# Eastern Orthodoxy: A Reformed Perspective



## ChristianTrader (Feb 22, 2007)

*Through Western Eyes: Eastern Orthodoxy: A Reformed Perspective by Robert Letham*
>>
The culture of the Eastern Church is alien to our experience. Yet the more we familiarize ourselves with the Eastern Church the more we recognize, for all the differences, the family resemblances. The family has been parted for a very long time. But chances have arisen to meet again and get to know one another. In recent years, Eastern Orthodoxy has emerged vividly on the radar of Western Christians - hitherto, it was largely ignored. The separation has been due to the long-term historical disruption caused by differences in language, outlook and theology and eventually by the depredations of Islam. Because of these East and West went their separate ways. As a result, the respective theologies appear at times to inhabit parallel universes. However, this ignorance is changing. Eastern Orthodoxy is increasingly popular in the Anglo-Saxon world. It conveys a sense of mystery, of continuity with the past, of dignified worship at a time when evangelical Protestantism is increasingly cheapened and trivialized. This book examines the history and theology of Orthodoxy from a Reformed perspective. There are clear and significant areas of agreement - a common allegiance to the triune God; the person of Christ; the authority of Scripture and the truth of the gospel. At the same time there are many areas of disagreement, where it seems that Orthodoxy and Protestantism are at odds. However, there are also misunderstandings on both sides, where proponents of either position are not normally dealing accurately with what the other holds to be true. In drawing attention to the agreements and misunderstandings Robert Letham trusts that readers may come to a better understanding of exactly where the real differences lie. We can learn from Orthodoxy - if our assumption is that the most important thing is to grow in our knowledge of Christ.<<

http://www.christianfocus.com/item/show/1028/-

Due in March


----------



## etexas (Feb 22, 2007)

ChristianTrader said:


> *Through Western Eyes: Eastern Orthodoxy: A Reformed Perspective by Robert Letham*
> >>
> The culture of the Eastern Church is alien to our experience. Yet the more we familiarize ourselves with the Eastern Church the more we recognize, for all the differences, the family resemblances. The family has been parted for a very long time. But chances have arisen to meet again and get to know one another. In recent years, Eastern Orthodoxy has emerged vividly on the radar of Western Christians - hitherto, it was largely ignored. The separation has been due to the long-term historical disruption caused by differences in language, outlook and theology and eventually by the depredations of Islam. Because of these East and West went their separate ways.
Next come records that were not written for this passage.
lemma chain_reach_Cons:
  assumes "y \<in> chain_reach X d S T" "x \<in> X" "x \<notin> fst (S m)" "y \<notin> fst (S m)"
    "d x y \<le> real (snd (S m))"
  shows "x \<in> chain_reach X d S T"
proof -
  obtain xs where xs: "scale_chain X d S xs" "hd xs = y" "last xs \<in> T"
    using assms(1) unfolding chain_reach_def by blast
  then have "xs \<noteq> []" unfolding scale_chain_def by blast
  have "scale_chain X d S (x # xs)"
    using xs assms by (intro scale_chain_ConsI[of _ _ _ xs x m]) auto
  then show ?thesis using xs(3) \<open>xs \<noteq> []\<close> assms(2) unfolding chain_reach_def by auto
qed

lemma chain_reach_near:
  assumes "\<forall>xs. scale_chain X d S xs \<longrightarrow> \<bar>f (hd xs) - f (last xs)\<bar> < \<delta>" "x \<in> chain_reach X d S T"
  shows "\<exists>y\<in>T. \<bar>f x - f y\<bar> < \<delta>"
  using assms unfolding chain_reach_def by blast

context metric_group
begin

lemma mbounded_iff: "mbounded (carrier G) d K \<longleftrightarrow> finite K \<and> K \<subseteq> carrier G"
proof
  assume K: "mbounded (carrier G) d K"
  show "finite K \<and> K \<subseteq> carrier G"
  proof (cases "K = {}")
    case False
    then obtain x r where x: "x \<in> carrier G" and "\<forall>y\<in>K. d x y \<le> r" "K \<subseteq> carrier G"
      using K unfolding mbounded_def by blast
    then have "K \<subseteq> {y \<in> carrier G. d x y \<le> r}" by blast
    then have "finite K" using finite_ball[OF x] by (rule finite_subset)
    with \<open>K \<subseteq> carrier G\<close> show ?thesis by simp
  qed simp
next
  assume K: "finite K \<and> K \<subseteq> carrier G"
  then have "\<forall>y\<in>K. d \<one> y \<le> Max (insert 0 (d \<one> ` K))" by simp
  then show "mbounded (carrier G) d K" unfolding mbounded_def using K by blast
qed

lemma mcontinuous_on_discrete: "mcontinuous_on (carrier G) d f"
  unfolding mcontinuous_on_def
proof (intro ballI allI impI)
  fix x :: 'a and \<epsilon> :: real assume x: "x \<in> carrier G" and "0 < \<epsilon>"
  define \<delta> where "\<delta> = Min (insert 1 (d x ` ({y \<in> carrier G. d x y \<le> 1} - {x})))"
  have fin: "finite ({y \<in> carrier G. d x y \<le> 1} - {x})" using finite_ball[OF x] by simp
  have "0 < \<delta>"
    unfolding \<delta>_def
  proof (subst Min_gr_iff)
    show "\<forall>a\<in>insert 1 (d x ` ({y \<in> carrier G. d x y \<le> 1} - {x})). 0 < a"
      using dist_nonneg[OF x] dist_eq_0_iff[OF x] by (auto simp: less_le)
  qed (use fin in auto)
  moreover have "y = x" if "y \<in> carrier G" "d x y < \<delta>" for y
  proof (rule ccontr)
    assume "y \<noteq> x"
    with that have "\<delta> \<le> d x y" unfolding \<delta>_def using fin Min_le_iff by fastforce
    with that(2) show False by simp
  qed
  ultimately show "\<exists>\<delta>>0. \<forall>y\<in>carrier G. d x y < \<delta> \<longrightarrow> \<bar>f x - f y\<bar> < \<epsilon>"
    using \<open>0 < \<epsilon>\<close> by force
qed

lemma glacial_scale_ballsI:
  assumes "\<And>i. finite (K i)" "\<And>i. K i \<subseteq> carrier G" "\<And>i. {y \<in> carrier G. d \<one> y \<le> real i} \<subseteq> K i"
  shows "glacial_scale (carrier G) d (\<lambda>i. (K i, i))"
  unfolding glacial_scale_def
proof (intro conjI allI impI)
  show "mbounded (carrier G) d (fst (K i, i))" for i using assms(1,2) by (simp add: mbounded_iff)
next
  fix K' and r :: real assume "mbounded (carrier G) d K' \<and> 0 < r"
  then have K': "finite K'" "K' \<subseteq> carrier G" by (simp_all add: mbounded_iff)
  define M where "M = Max (insert 0 (d \<one> ` K'))"
  define i where "i = nat \<lceil>max M r\<rceil> + 1"
  have i: "max M r < real i" unfolding i_def by linarith
  have "K' \<subseteq> {y \<in> carrier G. d \<one> y \<le> real i}"
  proof
    fix y assume "y \<in> K'"
    then have "d \<one> y \<le> M" using K' unfolding M_def by simp
    then show "y \<in> {y \<in> carrier G. d \<one> y \<le> real i}" using \<open>y \<in> K'\<close> K' i by auto
  qed
  moreover have "r < real i" using i by simp
  ultimately show "\<exists>i. K' \<subseteq> fst (K i, i) \<and> r < real (snd (K i, i))"
    using assms(3) by (intro exI[of _ i]) auto
qed

definition char_fun :: "'a set \<Rightarrow> 'a \<Rightarrow> real" where
  "char_fun B = restrict (indicator B) (carrier G)"

lemma char_fun_apply: "x \<in> carrier G \<Longrightarrow> char_fun B x = indicator B x"
  unfolding char_fun_def by simp

lemma char_fun_in_CGO:
  assumes B: "almost_invariant G B"
  shows "char_fun B \<in> CGO (carrier G) d"
proof -
  define K where "K i = {y \<in> carrier G. d \<one> y \<le> real i}
      \<union> (\<Union>h\<in>{h \<in> carrier G. d \<one> h \<le> real i}. jump_set G B h)" for i :: nat
  have "finite (K i)" for i
    using finite_ball[of \<one>] B unfolding K_def almost_invariant_iff by auto
  moreover have "K i \<subseteq> carrier G" for i unfolding K_def jump_set_def by blast
  ultimately have scale: "glacial_scale (carrier G) d (\<lambda>i. (K i, i))"
    by (rule glacial_scale_ballsI) (auto simp: K_def)
  have "char_fun B (hd xs) = char_fun B (last xs)" if "scale_chain (carrier G) d (\<lambda>i. (K i, i)) xs" for xs
  proof -
    have "hd xs \<in> B \<longleftrightarrow> last xs \<in> B"
    proof (rule scale_chain_hd_last_iff[OF that])
      fix m x y assume x: "x \<in> carrier G" "x \<notin> fst (K m, m)" and y: "y \<in> carrier G" "y \<notin> fst (K m, m)"
        and "d x y \<le> real (snd (K m, m))"
      moreover define h where "h = inv x \<otimes> y"
      ultimately have "h \<in> carrier G" "y = x \<otimes> h" "d \<one> h \<le> real m"
        using dist_mult_right[of x h] by (auto simp: m_assoc[symmetric])
      then show "x \<in> B \<longleftrightarrow> y \<in> B" using x unfolding K_def jump_set_def by auto
    qed
    moreover have "hd xs \<in> carrier G" "last xs \<in> carrier G"
      using that unfolding scale_chain_def by auto
    ultimately show ?thesis by (simp add: char_fun_apply indicator_def)
  qed
  then have "glacially_oscillating (carrier G) d (char_fun B)"
    unfolding glacially_oscillating_def using scale by auto
  moreover have "char_fun B \<in> extensional (carrier G)" "char_fun B ` carrier G \<subseteq> {0..1}"
    unfolding char_fun_def by (auto simp: indicator_def)
  ultimately show ?thesis unfolding CGO_def using mcontinuous_on_discrete by blast
qed

lemma ev_embed_inj:
  assumes "x \<in> carrier G" "y \<in> carrier G" "ev_embed (CGO (carrier G) d) x = ev_embed (CGO (carrier G) d) y"
  shows "x = y"
proof -
  have f: "char_fun {x} \<in> CGO (carrier G) d"
    using assms(1) by (intro char_fun_in_CGO almost_invariant_finite) auto
  then have "char_fun {x} x = char_fun {x} y" using assms(3) unfolding ev_embed_def by (metis restrict_apply')
  then show ?thesis using assms(1,2) by (simp add: char_fun_apply indicator_def split: if_splits)
qed

lemma derived_set_ev_embed_nonempty:
  assumes BX: "B \<subseteq> carrier G" and "infinite B"
  shows "CF_topology (carrier G) d derived_set_of (ev_embed (CGO (carrier G) d) ` B) \<noteq> {}"
proof -
  let ?ev = "ev_embed (CGO (carrier G) d)" and ?tau = "CF_topology (carrier G) d"
  have "compact_space ?tau"
    unfolding compact_space_product_topology
    by (simp add: compact_space_subtopology compactin_euclidean_iff)
  moreover have "infinite (?ev ` B)"
  proof -
    have "inj_on ?ev B"
    proof (rule inj_onI)
      fix x y assume "x \<in> B" "y \<in> B" "?ev x = ?ev y"
      then show "x = y" using BX by (intro ev_embed_inj) auto
    qed
    then show ?thesis using assms(2) by (simp add: finite_image_iff)
  qed
  moreover have "?ev ` B \<subseteq> topspace ?tau" using BX ev_embed_in_topspace[of _ "carrier G" d] by auto
  ultimately show ?thesis by (rule compact_space_imp_Bolzano_Weierstrass)
qed

lemma derived_point_in_ends:
  assumes BX: "B \<subseteq> carrier G"
    and z: "z \<in> CF_topology (carrier G) d derived_set_of (ev_embed (CGO (carrier G) d) ` B)"
  shows "z \<in> ends_set (carrier G) d"
proof -
  let ?ev = "ev_embed (CGO (carrier G) d)"
  have "z \<in> CF (carrier G) d"
    unfolding CF_def
    using subsetD[OF closure_of_mono[OF image_mono[OF BX]] subsetD[OF derived_set_of_subset_closure_of z]] .
  moreover have "z \<notin> ?ev ` carrier G"
  proof
    assume "z \<in> ?ev ` carrier G"
    then obtain x where x: "x \<in> carrier G" "z = ?ev x" by blast
    have f: "char_fun {x} \<in> CGO (carrier G) d"
      using x(1) by (intro char_fun_in_CGO almost_invariant_finite) auto
    then have "z (char_fun {x}) \<in> {1/2<..}" using x by (simp add: ev_embed_def char_fun_apply)
    then obtain b where "b \<in> B" "?ev b \<noteq> z" "char_fun {x} b \<in> {1/2<..}"
      using derived_point_coordinate[OF z f open_greaterThan] by blast
    moreover from this have "b \<in> carrier G" using BX by blast
    ultimately show False using x by (cases "b = x") (auto simp: char_fun_apply)
  qed
  ultimately show ?thesis unfolding ends_set_def by blast
qed

text \<open>The end is a limit point of \<open>B\<close>, which exists by compactness.\<close>
lemma end_of_infinite_almost_invariant:
  assumes B: "almost_invariant G B" "infinite B"
  shows "\<exists>z\<in>ends_set (carrier G) d. z (char_fun B) = 1
           \<and> (\<forall>C. almost_invariant G C \<and> C \<inter> B = {} \<longrightarrow> z (char_fun C) = 0)"
proof -
  have BX: "B \<subseteq> carrier G" using B(1) by (rule almost_invariant_subset)
  then obtain z where z: "z \<in> CF_topology (carrier G) d derived_set_of (ev_embed (CGO (carrier G) d) ` B)"
    using derived_set_ev_embed_nonempty[OF BX B(2)] by blast
  have "z (char_fun B) = 1"
  proof (rule ccontr)
    assume "z (char_fun B) \<noteq> 1"
    moreover have "open (- {1 :: real})" by (intro open_Compl closed_singleton)
    ultimately obtain b where "b \<in> B" "char_fun B b \<in> - {1}"
      using derived_point_coordinate[OF z char_fun_in_CGO[OF B(1)], of "- {1}"] by blast
    moreover from this have "b \<in> carrier G" using BX by blast
    ultimately show False by (auto simp: char_fun_apply indicator_def split: if_splits)
  qed
  moreover have "z (char_fun C) = 0" if C: "almost_invariant G C" "C \<inter> B = {}" for C
  proof (rule ccontr)
    assume "z (char_fun C) \<noteq> 0"
    moreover have "open (- {0 :: real})" by (intro open_Compl closed_singleton)
    ultimately obtain b where "b \<in> B" "char_fun C b \<in> - {0}"
      using derived_point_coordinate[OF z char_fun_in_CGO[OF C(1)], of "- {0}"] by blast
    moreover from this have "b \<in> carrier G" using BX by blast
    ultimately show False using C(2) by (auto simp: char_fun_apply indicator_def split: if_splits)
  qed
  ultimately show ?thesis using derived_point_in_ends[OF BX z] by blast
qed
As a result, the respective theologies appear at times to inhabit parallel universes. However, this ignorance is changing. Eastern Orthodoxy is increasingly popular in the Anglo-Saxon world. It conveys a sense of mystery, of continuity with the past, of dignified worship at a time when evangelical Protestantism is increasingly cheapened and trivialized. This book examines the history and theology of Orthodoxy from a Reformed perspective. There are clear and significant areas of agreement - a common allegiance to the triune God; the person of Christ; the authority of Scripture and the truth of the gospel. At the same time there are many areas of disagreement, where it seems that Orthodoxy and Protestantism are at odds. However, there are also misunderstandings on both sides, where proponents of either position are not normally dealing accurately with what the other holds to be true. In drawing attention to the agreements and misunderstandings Robert Letham trusts that readers may come to a better understanding of exactly where the real differences lie. We can learn from Orthodoxy - if our assumption is that the most important thing is to grow in our knowledge of Christ.<<
> 
> ...



You ask some very good questions about a growing movement on the American Christian landscape. Scism over the Roman Primacy, but the have practice which any number of Reformed believers might be disturbed by. They do Marian devotions, they have sort of a pantheon of saints many of which we in the west have never heard of! And then......Icons.......idols not idols! They talk of a rather complex theology called Incarnational Theology to justify their use, I recomend reading Leonid Ouspensky, for the EO take on Iconography. You will find things you disagree with but thing to think about as well. Grace and Peace.


----------



## ChristopherPaul (Feb 22, 2007)

Finally more attention is given to the East.

The EOC is not Rome and must not be dismissed as if they were the same.


----------



## Kevin (Feb 22, 2007)

That sounds very interesting. I will be looking for it.


----------



## etexas (Feb 22, 2007)

ChristopherPaul said:


> Finally more attention is given to the East.
> 
> The EOC is not Rome and must not be dismissed as if they were the same.


Greetings Chris. Listen I wrote my post quickly.....typos were a hint. I never did intend that we dismiss the EOC. I only pointed out that they do use "smells bells and kiss Icons of Our Lady" I have been to an Orthodox service..you?


----------



## Theoretical (Feb 22, 2007)

I follow Jesus said:


> Greetings Chris. Listen I wrote my post quickly.....typos were a hint. I never did intend that we dismiss the EOC. I only pointed out that they do use "smells bells and kiss Icons of Our Lady" I have been to an Orthodox service..you?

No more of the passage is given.